### Work to complete
Count the lines containing "finite" in the entries underneath, and state that count without anything else.

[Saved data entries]
==*==

lemma exp_potential_add:
  assumes "finite S" "S \<noteq> {}" "\<eta> > 0"
  shows "exp_potential S \<eta> (\<lambda>a. L a + x a) = exp_potential S \<eta> L + mix_loss S (gibbs S \<eta> L) \<eta> x"
proof -
  define Z where "Z = (\<Sum>b\<in>S. exp (- \<eta> * L b))"
  have Z_pos: "Z > 0" using assms by (simp add: Z_def sum_pos)
  have "(\<Sum>a\<in>S. exp (- \<eta> * (L a + x a))) = Z * (\<Sum>a\<in>S. gibbs S \<eta> L a * exp (- \<eta> * x a))"
    using Z_pos by (simp add: gibbs_def Z_def sum_distrib_left algebra_simps flip: exp_add)
  moreover have "(\<Sum>a\<in>S. gibbs S \<eta> L a * exp (- \<eta> * x a)) > 0"
    using assms by (intro sum_pos mult_pos_pos gibbs_pos) auto
  ultimately show ?thesis
    using Z_pos by (simp add: exp_potential_def mix_loss_def Z_def ln_mult diff_divide_distrib add_divide_distrib)
qed

lemma sum_mix_loss_le:
  fixes x :: "nat \<Rightarrow> 'a \<Rightarrow> real" and \<eta> :: "nat \<Rightarrow> real"
  assumes "finite S" "S \<noteq> {}" "a \<in> S"
    and \<eta>_pos: "\<And>k. k \<ge> 1 \<Longrightarrow> \<eta> k > 0" and \<eta>_antimono: "\<And>k. k \<ge> 1 \<Longrightarrow> \<eta> (Suc k) \<le> \<eta> k"
  shows "(\<Sum>k=1..n. mix_loss S (gibbs S (\<eta> k) (\<lambda>b. \<Sum>i=1..<k. x i b)) (\<eta> k) (x k))
    \<le> (\<Sum>k=1..n. x k a) + ln (card S) / \<eta> (n + 1)"
proof -
  have telescope: "(\<Sum>k=1..m. mix_loss S (gibbs S (\<eta> k) (\<lambda>b. \<Sum>i=1..<k. x i b)) (\<eta> k) (x k))
    \<le> exp_potential S (\<eta> (m + 1)) (\<lambda>b. \<Sum>i=1..m. x i b)" for m
  proof (induction m)
    case 0
    show ?case by (simp add: exp_potential_zero)
  next
    case (Suc m)
    have "(\<Sum>k=1..Suc m. mix_loss S (gibbs S (\<eta> k) (\<lambda>b. \<Sum>i=1..<k. x i b)) (\<eta> k) (x k))
      \<le> exp_potential S (\<eta> (Suc m)) (\<lambda>b. \<Sum>i=1..m. x i b)
        + mix_loss S (gibbs S (\<eta> (Suc m)) (\<lambda>b. \<Sum>i=1..m. x i b)) (\<eta> (Suc m)) (x (Suc m))"
      using Suc.IH by (simp add: atLeastLessThanSuc_atLeastAtMost)
    also have "\<dots> = exp_potential S (\<eta> (Suc m)) (\<lambda>b. \<Sum>i=1..Suc m. x i b)"
      using exp_potential_add[OF assms(1,2) \<eta>_pos] by simp
    also have "\<dots> \<le> exp_potential S (\<eta> (Suc m + 1)) (\<lambda>b. \<Sum>i=1..Suc m. x i b)"
      using \<eta>_pos \<eta>_antimono by (intro exp_potential_antimono[OF assms(1,2)]) auto
    finally show ?case .
  qed
  show ?thesis
    using order_trans[OF telescope exp_potential_le[OF assms(1,3) \<eta>_pos]] by simp
qed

==*==

### Output below
2